Action item
Filter task. Return each line of the material that holds the string "symmetric".

Start of Dataset content

(* Let $K$ and $S$ be compact Hausdorff spaces and let $T\colon C(K)\to C(S)$ be a linear isometric embedding. Let $F_T\colon S\to C(K)^*$ be $F_T(s):=T^*(\delta_s)$, i.e. $\langle f,F_T(s)\rangle=(Tf)(s)$. Then $T$ is a U-embedding if and only if there exist a closed subset $S_0\subset S$, a homeomorphism $h\colon K\to S_0$ and a continuous function $\varepsilon\colon K\to\{-1,1\}$ such that (i) $F_T(h(k))=\varepsilon(k)\delta_k$ for every $k\in K$, and (ii) $\|F_T(s)\|<1$ for every $s\in S\setminus S_0$.
   Context: $C(K)$, $C(S)$ carry the sup norm; $C(K)^*$ is identified with regular Borel signed measures on $K$ with total variation norm, $\delta_k$ being the Dirac measure at $k$. A linear isometry $T\colon X\to Y$ is a U-embedding if every $x^*\in X^*$ has a unique $y^*\in Y^*$ with $T^*(y^* )=x^*$ and $\|y^*\|=\|x^*\|$. *)

theory Defs
  imports "HOL-Analysis.Analysis"
begin

text \<open>C(K) is modelled by the bounded continuous functions on K (equal to C(K) for compact K),
  with the sup norm; the dual space X* by bounded linear functionals X \<Rightarrow>L real with the operator norm.\<close>

definition dirac :: "'a::topological_space \<Rightarrow> (('a, real) bcontfun \<Rightarrow>\<^sub>L real)" where
  "dirac k = Blinfun (\<lambda>f. apply_bcontfun f k)"

definition FT :: "(('a::topological_space, real) bcontfun \<Rightarrow> ('b::topological_space, real) bcontfun)
    \<Rightarrow> 'b \<Rightarrow> (('a, real) bcontfun \<Rightarrow>\<^sub>L real)" where
  "FT T s = Blinfun (\<lambda>f. apply_bcontfun (T f) s)"

definition linear_isometry :: "('a::real_normed_vector \<Rightarrow> 'b::real_normed_vector) \<Rightarrow> bool" where
  "linear_isometry T \<longleftrightarrow> linear T \<and> (\<forall>x. norm (T x) = norm x)"

definition U_embedding :: "('a::real_normed_vector \<Rightarrow> 'b::real_normed_vector) \<Rightarrow> bool" where
  "U_embedding T \<longleftrightarrow> linear_isometry T \<and>
     (\<forall>x'::'a \<Rightarrow>\<^sub>L real. \<exists>!y'::'b \<Rightarrow>\<^sub>L real.
        (\<lambda>x. blinfun_apply y' (T x)) = blinfun_apply x' \<and> norm y' = norm x')"

end

theory Submission
  imports Defs
begin
(* Let $K$ be an algebraically closed field of characteristic $p>0$, $p\neq 2$, and $n\geq 4$. Let $\Phi$ be a group automorphism of $\mathrm{Aut}_0 K[x_1,\ldots,x_n]$ which fixes every element of $\mathrm{GL}_n(K)$ and fixes the automorphism $\psi: x_1\mapsto x_1+x_2x_3$, $x_k\mapsto x_k$ ($k\neq 1$). Let $M\in K[x_3,\ldots,x_n]$ be a monomial (a scalar multiple of a product of powers of $x_3,\ldots,x_n$) of positive total degree, and let $\varphi$ be the automorphism $x_1\mapsto x_1+M(x_3,\ldots,x_n)$, $x_k\mapsto x_k$ for $k=2,\ldots,n$. Then $\Phi(\varphi)=\varphi$.
   Context: $\mathrm{Aut}_0 K[x_1,\ldots,x_n]$ is the group under composition of $K$-algebra automorphisms of $K[x_1,\ldots,x_n]$ preserving the origin (each $\varphi(x_i)$ has zero constant term); $\mathrm{GL}_n(K)$ is its subgroup of linear automorphisms $x_i\mapsto\sum_j a_{ij}x_j$ with invertible matrix $(a_{ij})$. *)

theory Defs
  imports "HOL-Library.Poly_Mapping" "HOL-Computational_Algebra.Polynomial"
begin

text \<open>Multivariate polynomials over 'a in variables indexed by nat.
  The paper's variable x_k (k = 1..n) is variable index k-1 here.\<close>
type_synonym 'a mpoly = "(nat \<Rightarrow>\<^sub>0 nat) \<Rightarrow>\<^sub>0 'a"

definition Var :: "nat \<Rightarrow> 'a::comm_ring_1 mpoly" where
  "Var i = Poly_Mapping.single (Poly_Mapping.single i 1) 1"

definition Const :: "'a::comm_ring_1 \<Rightarrow> 'a mpoly" where
  "Const c = Poly_Mapping.single 0 c"

definition polys :: "nat \<Rightarrow> 'a::comm_ring_1 mpoly set" where
  "polys n = {p. \<forall>m \<in> Poly_Mapping.keys p. Poly_Mapping.keys m \<subseteq> {..<n}}"

definition subst :: "(nat \<Rightarrow> 'a::comm_ring_1 mpoly) \<Rightarrow> 'a mpoly \<Rightarrow> 'a mpoly" where
  "subst s p = (\<Sum>m \<in> Poly_Mapping.keys p.
      Const (Poly_Mapping.lookup p m) *
      (\<Prod>i \<in> Poly_Mapping.keys m. s i ^ Poly_Mapping.lookup m i))"

text \<open>An endomorphism of K[x_1..x_n] is represented by the tuple of images of
  the variables; variables outside the range are normalised to themselves.\<close>
definition endos :: "nat \<Rightarrow> (nat \<Rightarrow> 'a::comm_ring_1 mpoly) set" where
  "endos n = {s. (\<forall>i<n. s i \<in> polys n) \<and> (\<forall>i\<ge>n. s i = Var i)}"

text \<open>Composition of endomorphisms (as maps): (comp s t) = s \<circ> t,
  i.e. x_i \<mapsto> s(t(x_i)).\<close>
definition comp :: "(nat \<Rightarrow> 'a::comm_ring_1 mpoly) \<Rightarrow> (nat \<Rightarrow> 'a mpoly) \<Rightarrow> (nat \<Rightarrow> 'a mpoly)" where
  "comp s t = (\<lambda>i. subst s (t i))"

definition idm :: "nat \<Rightarrow> 'a::comm_ring_1 mpoly" where
  "idm = Var"

definition autos :: "nat \<Rightarrow> (nat \<Rightarrow> 'a::comm_ring_1 mpoly) set" where
  "autos n = {s \<in> endos n. \<exists>t \<in> endos n. comp s t = idm \<and> comp t s = idm}"

definition Aut0 :: "nat \<Rightarrow> (nat \<Rightarrow> 'a::comm_ring_1 mpoly) set" where
  "Aut0 n = {s \<in> autos n. \<forall>i<n. Poly_Mapping.lookup (s i) 0 = 0}"

definition GLn :: "nat \<Rightarrow> (nat \<Rightarrow> 'a::comm_ring_1 mpoly) set" where
  "GLn n = {s \<in> Aut0 n. \<forall>i<n. \<exists>a::nat \<Rightarrow> 'a. s i = (\<Sum>j<n. Const (a j) * Var j)}"

definition group_automorphism_Aut0 ::
  "nat \<Rightarrow> ((nat \<Rightarrow> 'a::comm_ring_1 mpoly) \<Rightarrow> (nat \<Rightarrow> 'a mpoly)) \<Rightarrow> bool" where
  "group_automorphism_Aut0 n \<Phi> \<longleftrightarrow> bij_betw \<Phi> (Aut0 n) (Aut0 n) \<and>
     (\<forall>s \<in> Aut0 n. \<forall>t \<in> Aut0 n. \<Phi> (comp s t) = comp (\<Phi> s) (\<Phi> t))"

definition alg_closed :: "'a::field itself \<Rightarrow> bool" where
  "alg_closed _ \<longleftrightarrow> (\<forall>q :: 'a poly. Polynomial.degree q > 0 \<longrightarrow> (\<exists>x. poly q x = 0))"

end

theory Submission imports Defs begin

text \<open>Write E_i(f) for the elementary automorphism x_i \<mapsto> x_i + f, where f is free of x_i
  (variables indexed from 0). For pairwise distinct i, j, k and g free of x_i and x_k,
  the commutator of E_k(g) and E_i(x_k x_j) is E_i(g x_j); hence \<Phi> fixes E_i(g x_j) as soon as
  it fixes E_k(g) and E_i(x_k x_j). From \<psi> = E_0(x_1 x_2), its conjugate E_1(x_0 x_2) by the
  transposition of x_0 and x_1, and the linear maps E_2(x_j), one gets that \<Phi> fixes
  E_i(x_k x_j) for {i, k} = {0, 1} and j \<ge> 2. Then, peeling off one variable of the monomial
  at a time and alternating between the directions 0 and 1, \<Phi> fixes E_0(M) and E_1(M) for
  every monomial M in x_2, ..., x_(n-1); monomials of degree one give linear maps.\<close>

lemma poly_mapping_sum_single:
  "(\<Sum>m\<in>Poly_Mapping.keys p. Poly_Mapping.single m (Poly_Mapping.lookup p m)) = p"
  by (rule poly_mapping_eqI) (simp add: lookup_sum lookup_single when_def in_keys_iff)

lemma single_eq_0_iff [simp]: "Poly_Mapping.single k v = 0 \<longleftrightarrow> v = 0"
  by (metis lookup_single_eq lookup_zero single_zero)

lemma keys_add_nat:
  "Poly_Mapping.keys (a + b) = Poly_Mapping.keys a \<union> Poly_Mapping.keys (b :: 'b \<Rightarrow>\<^sub>0 nat)"
  by (auto simp: in_keys_iff lookup_add)

lemma poly_mapping_add_single_induct [case_names zero add_single]:
  fixes e :: "'b \<Rightarrow>\<^sub>0 nat"
  assumes zero: "P 0" and add_single: "\<And>e j. P e \<Longrightarrow> P (e + Poly_Mapping.single j 1)"
  shows "P e"
proof (induction e rule: update_induct)
  case const
  show ?case using zero .
next
  case (update f a b)
  have "P (f + Poly_Mapping.single a m)" for m
  proof (induction m)
    case (Suc m)
    have "f + Poly_Mapping.single a (Suc m) = (f + Poly_Mapping.single a m) + Poly_Mapping.single a 1"
      by (simp add: single_add[symmetric] add.assoc)
    then show ?case using add_single[OF Suc.IH] by simp
  qed (simp add: update.IH)
  moreover have "Poly_Mapping.update a b f = f + Poly_Mapping.single a b"
    using update.hyps(1)
    by (intro poly_mapping_eqI) (auto simp: lookup_update lookup_add lookup_single in_keys_iff when_def)
  ultimately show ?case by simp
qed

subsection \<open>Substitution\<close>

definition subst_monomial :: "(nat \<Rightarrow> 'a::comm_ring_1 mpoly) \<Rightarrow> (nat \<Rightarrow>\<^sub>0 nat) \<Rightarrow> 'a mpoly" where
  "subst_monomial s m = (\<Prod>i \<in> Poly_Mapping.keys m. s i ^ Poly_Mapping.lookup m i)"

lemma subst_monomial_superset:
  "finite S \<Longrightarrow> Poly_Mapping.keys m \<subseteq> S \<Longrightarrow>
    subst_monomial s m = (\<Prod>i\<in>S. s i ^ Poly_Mapping.lookup m i)"
  unfolding subst_monomial_def by (rule prod.mono_neutral_left) (auto simp: in_keys_iff)

lemma subst_monomial_0 [simp]: "subst_monomial s 0 = 1"
  by (simp add: subst_monomial_def)

lemma subst_monomial_add: "subst_monomial s (a + b) = subst_monomial s a * subst_monomial s b"
proof -
  let ?S = "Poly_Mapping.keys a \<union> Poly_Mapping.keys b"
  have "subst_monomial s (a + b) = (\<Prod>i\<in>?S. s i ^ Poly_Mapping.lookup (a + b) i)"
    by (rule subst_monomial_superset) (auto simp: keys_add_nat)
  also have "\<dots> = (\<Prod>i\<in>?S. s i ^ Poly_Mapping.lookup a i) * (\<Prod>i\<in>?S. s i ^ Poly_Mapping.lookup b i)"
    by (simp add: lookup_add power_add prod.distrib)
  also have "\<dots> = subst_monomial s a * subst_monomial s b"
    by (simp add: subst_monomial_superset[symmetric])
  finally show ?thesis .
qed

lemma Const_0 [simp]: "Const 0 = 0"
  by (simp add: Const_def)

lemma Const_add: "Const (a + b) = Const a + Const b"
  by (simp add: Const_def single_add)

lemma Const_mult: "Const (a * b) = Const a * Const b"
  by (simp add: Const_def mult_single)

lemma subst_eq_sum_monomials:
  "subst s p = (\<Sum>m \<in> Poly_Mapping.keys p. Const (Poly_Mapping.lookup p m) * subst_monomial s m)"
  by (simp add: subst_def subst_monomial_def)

lemma subst_superset:
  "finite S \<Longrightarrow> Poly_Mapping.keys p \<subseteq> S \<Longrightarrow>
    subst s p = (\<Sum>m\<in>S. Const (Poly_Mapping.lookup p m) * subst_monomial s m)"
  unfolding subst_eq_sum_monomials by (rule sum.mono_neutral_left) (auto simp: in_keys_iff)

lemma subst_0 [simp]: "subst s 0 = 0"
  by (simp add: subst_def)

lemma subst_add: "subst s (p + q) = subst s p + subst s q"
proof -
  let ?S = "Poly_Mapping.keys p \<union> Poly_Mapping.keys q"
  have S: "finite ?S" by simp
  have "subst s (p + q) = (\<Sum>m\<in>?S. Const (Poly_Mapping.lookup (p + q) m) * subst_monomial s m)"
    by (rule subst_superset[OF S]) (rule keys_add)
  also have "\<dots> = (\<Sum>m\<in>?S. Const (Poly_Mapping.lookup p m) * subst_monomial s m)
      + (\<Sum>m\<in>?S. Const (Poly_Mapping.lookup q m) * subst_monomial s m)"
    by (simp add: lookup_add Const_add distrib_right sum.distrib)
  also have "\<dots> = subst s p + subst s q"
    by (simp add: subst_superset[OF S])
  finally show ?thesis .
qed

lemma subst_sum: "subst s (sum f A) = (\<Sum>x\<in>A. subst s (f x))"
  by (induction A rule: infinite_finite_induct) (simp_all add: subst_add)

lemma subst_single: "subst s (Poly_Mapping.single m c) = Const c * subst_monomial s m"
  by (simp add: subst_eq_sum_monomials)

lemma subst_Const [simp]: "subst s (Const c) = Const c"
  by (simp add: Const_def subst_single)

lemma subst_1 [simp]: "subst s 1 = 1"
  using subst_Const[of s 1] by (simp add: Const_def)

lemma subst_mult: "subst s (p * q) = subst s p * subst s q"
proof -
  have "p * q = (\<Sum>a\<in>Poly_Mapping.keys p. \<Sum>b\<in>Poly_Mapping.keys q.
      Poly_Mapping.single a (Poly_Mapping.lookup p a) * Poly_Mapping.single b (Poly_Mapping.lookup q b))"
    by (subst (1) poly_mapping_sum_single[of p, symmetric], subst (1) poly_mapping_sum_single[of q, symmetric])
       (simp add: sum_distrib_left sum_distrib_right, rule sum.swap)
  then have "subst s (p * q) = (\<Sum>a\<in>Poly_Mapping.keys p. \<Sum>b\<in>Poly_Mapping.keys q.
      (Const (Poly_Mapping.lookup p a) * subst_monomial s a) * (Const (Poly_Mapping.lookup q b) * subst_monomial s b))"
    by (simp add: subst_sum mult_single subst_single Const_mult subst_monomial_add mult_ac)
  also have "\<dots> = subst s p * subst s q"
    by (simp add: subst_eq_sum_monomials sum_distrib_left sum_distrib_right, rule sum.swap)
  finally show ?thesis .
qed

lemma subst_power: "subst s (p ^ k) = subst s p ^ k"
  by (induction k) (simp_all add: subst_mult)

lemma subst_prod: "subst s (prod f A) = (\<Prod>x\<in>A. subst s (f x))"
  by (induction A rule: infinite_finite_induct) (simp_all add: subst_mult)

lemma subst_Var [simp]: "subst s (Var i) = s i"
  by (simp add: Var_def subst_single subst_monomial_def Const_def)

End of Dataset content

Result of this task
      by (simp add: single_add[symmetric] add.assoc)
    by (simp add: subst_monomial_superset[symmetric])
    by (subst (1) poly_mapping_sum_single[of p, symmetric], subst (1) poly_mapping_sum_single[of q, symmetric])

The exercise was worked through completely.